My Daughter Has Bipolar Disorder: Here’s What I Wish You Knew
My hands gripped the steering wheel with such force that the tendons popped out in my arms. In the backseat of the car, my eight-year-old daughter screamed. In front of me, a tractor-trailer loomed.
“I could just run into it and end everything,” I thought, as my daughter continued to howl.
I was exhausted. Tired of trying to parent this challenging child, tired of the judgments from family, the eye rolls and looks from friends. I heard the whispers, I saw the smirks.
I was weary from meetings with teachers, calls from the nurse. Deep fatigue settled into my muscles and I lived with headaches that pounded behind my eyes.
Now, my daughter yelled at me to take her home. We were not going home.
We were headed towards UCLA Children & Adolescent Mental Health Department where the head of the psychiatric team would evaluate my child.

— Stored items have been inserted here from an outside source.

lemma finite_Vsp: "finite (Vsp m :: (nat \<Rightarrow> 'a::{zero,finite}) set)"
proof -
  let ?extend = "\<lambda>xs i. if i < m then xs ! i else 0"
  have "Vsp m \<subseteq> ?extend ` {xs :: 'a list. set xs \<subseteq> UNIV \<and> length xs = m}"
  proof
    fix v :: "nat \<Rightarrow> 'a" assume "v \<in> Vsp m"
    thus "v \<in> ?extend ` {xs. set xs \<subseteq> UNIV \<and> length xs = m}"
      by (intro image_eqI[of _ _ "map v [0..<m]"]) (auto simp: Vsp_def fun_eq_iff)
  qed
  moreover have "finite {xs :: 'a list. set xs \<subseteq> UNIV \<and> length xs = m}"
    by (rule finite_lists_length_eq) simp
  ultimately show ?thesis by (rule finite_subset[OF _ finite_imageI])
qed

section \<open>Linear algebra over an arbitrary field\<close>

lemma (in vector_space) span_Int_disjoint:
  assumes T: "independent T" and A: "A \<subseteq> T" and B: "B \<subseteq> T" and AB: "A \<inter> B = {}"
    and x: "x \<in> span A" "x \<in> span B"
  shows "x = 0"
proof -
  have iA: "independent A" using T A by (auto intro: dependent_mono)
  have eA: "representation T x = representation A x" using representation_extend[OF T x(1) A] .
  have eB: "representation T x = representation B x" using representation_extend[OF T x(2) B] .
  have zero: "representation A x b = 0" for b
  proof (rule ccontr)
    assume "representation A x b \<noteq> 0"
    hence "b \<in> A" "b \<in> B" using representation_ne_zero eA eB by metis+
    thus False using AB by auto
  qed
  have "x = (\<Sum>b | representation A x b \<noteq> 0. representation A x b *s b)"
    using sum_nonzero_representation_eq[OF iA x(1)] by simp
  also have "\<dots> = 0" using zero by simp
  finally show ?thesis .
qed

text \<open>Over a finite field with q elements, the span of d independent vectors has at
  least q^d elements (distinct coefficient vectors give distinct combinations).\<close>
lemma (in vector_space) card_span_ge:
  assumes B: "finite B" "independent B" and fin: "finite (span B)"
  shows "card (UNIV :: 'a set) ^ card B \<le> card (span B)"
proof -
  define comb where "comb = (\<lambda>c. \<Sum>b\<in>B. c b *s b)"
  have inj: "inj_on comb (B \<rightarrow>\<^sub>E UNIV)"
  proof (rule inj_onI)
    fix c c' assume c: "c \<in> B \<rightarrow>\<^sub>E UNIV" and c': "c' \<in> B \<rightarrow>\<^sub>E UNIV" and eq: "comb c = comb c'"
    have "(\<Sum>b\<in>B. (c b - c' b) *s b) = comb c - comb c'"
      by (simp add: comb_def scale_left_diff_distrib sum_subtractf)
    hence "(\<Sum>b\<in>B. (c b - c' b) *s b) = 0" using eq by simp
    hence "c b = c' b" if "b \<in> B" for b
      using dependent_finite[OF B(1)] B(2) that by (metis eq_iff_diff_eq_0)
    moreover have "c b = c' b" if "b \<notin> B" for b
      using c c' that by (simp add: PiE_def extensional_def)
    ultimately show "c = c'" by blast
  qed
  have "comb ` (B \<rightarrow>\<^sub>E UNIV) \<subseteq> span B"
    unfolding comb_def by (auto intro: span_sum span_scale span_base)
  hence "card (B \<rightarrow>\<^sub>E (UNIV :: 'a set)) \<le> card (span B)"
    using card_inj_on_le[OF inj _ fin] by blast
  thus ?thesis using B by (simp add: card_PiE)
qed

lemma (in vector_space) card_subspace_ge:
  assumes X: "subspace X" "finite X"
  shows "card (UNIV :: 'a set) ^ dim X \<le> card X"
proof -
  obtain B where B: "B \<subseteq> X" "independent B" "X \<subseteq> span B" "card B = dim X"
    using basis_exists by blast
  have XB: "span B = X" using span_minimal[OF B(1) X(1)] B(3) by blast
  have "finite B" using B(1) X(2) finite_subset by blast
  thus ?thesis using card_span_ge[OF _ B(2)] X(2) unfolding XB B(4) by blast
qed

lemma (in vector_space_pair) independent_if_independent_image:
  assumes g: "Vector_Spaces.linear s1 s2 g" and inj: "inj_on g T" and ind: "vs2.independent (g ` T)"
  shows "vs1.independent T"
proof
  assume "vs1.dependent T"
  then obtain a where a: "a \<in> T" "a \<in> vs1.span (T - {a})" using vs1.dependent_def by blast
  hence "g a \<in> g ` vs1.span (T - {a})" by blast
  also have "\<dots> = vs2.span (g ` (T - {a}))" using linear_span_image[OF g] by simp
  also have "g ` (T - {a}) = g ` T - {g a}" using inj a(1) by (auto simp: inj_on_def)
  finally show False using ind a(1) vs2.dependent_def by blast
qed

lemma (in vector_space_pair) dim_image_inj:
  assumes f: "Vector_Spaces.linear s1 s2 f" and inj: "inj_on f (vs1.span S)"
  shows "vs2.dim (f ` S) = vs1.dim S"
proof -
  obtain B where B: "B \<subseteq> S" "vs1.independent B" "S \<subseteq> vs1.span B" "card B = vs1.dim S"
    using vs1.basis_exists by blast
  have span_B: "vs1.span B = vs1.span S"
    using B(1,3) vs1.span_mono vs1.span_span by blast
  have injB: "inj_on f (vs1.span B)" using inj span_B by simp
  have "vs2.span (f ` S) = vs2.span (f ` B)"
    using span_B linear_span_image[OF f] by metis
  hence "vs2.dim (f ` S) = card (f ` B)"
    by (metis vs2.dim_span vs2.dim_span_eq_card_independent
        linear_independent_injective_image[OF f B(2) injB])
  also have "\<dots> = card B" using inj_on_subset[OF injB vs1.span_superset] by (rule card_image)
  finally show ?thesis using B(4) by simp
qed

definition (in vector_space) dim_code :: "'b set set \<Rightarrow> nat \<Rightarrow> nat \<Rightarrow> bool" where
  "dim_code C l k \<longleftrightarrow> (\<forall>U\<in>C. subspace U \<and> dim U = l) \<and>
     (\<forall>U\<in>C. \<forall>V\<in>C. U \<noteq> V \<longrightarrow> dim (U \<inter> V) \<le> k - 1)"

It had been several years of parenting a little girl who was stubborn, headstrong, spirited, at times downright mean and most times, difficult. Her moods would turn from pleasant to unbearable in minutes and the school nurse called me almost daily.
“Hello again, she’s here complaining of a stomachache, can you pick her up?” The nurse asked. We were at the point where she didn’t even have to say anything. I’d see the number flash on my phone and I just knew.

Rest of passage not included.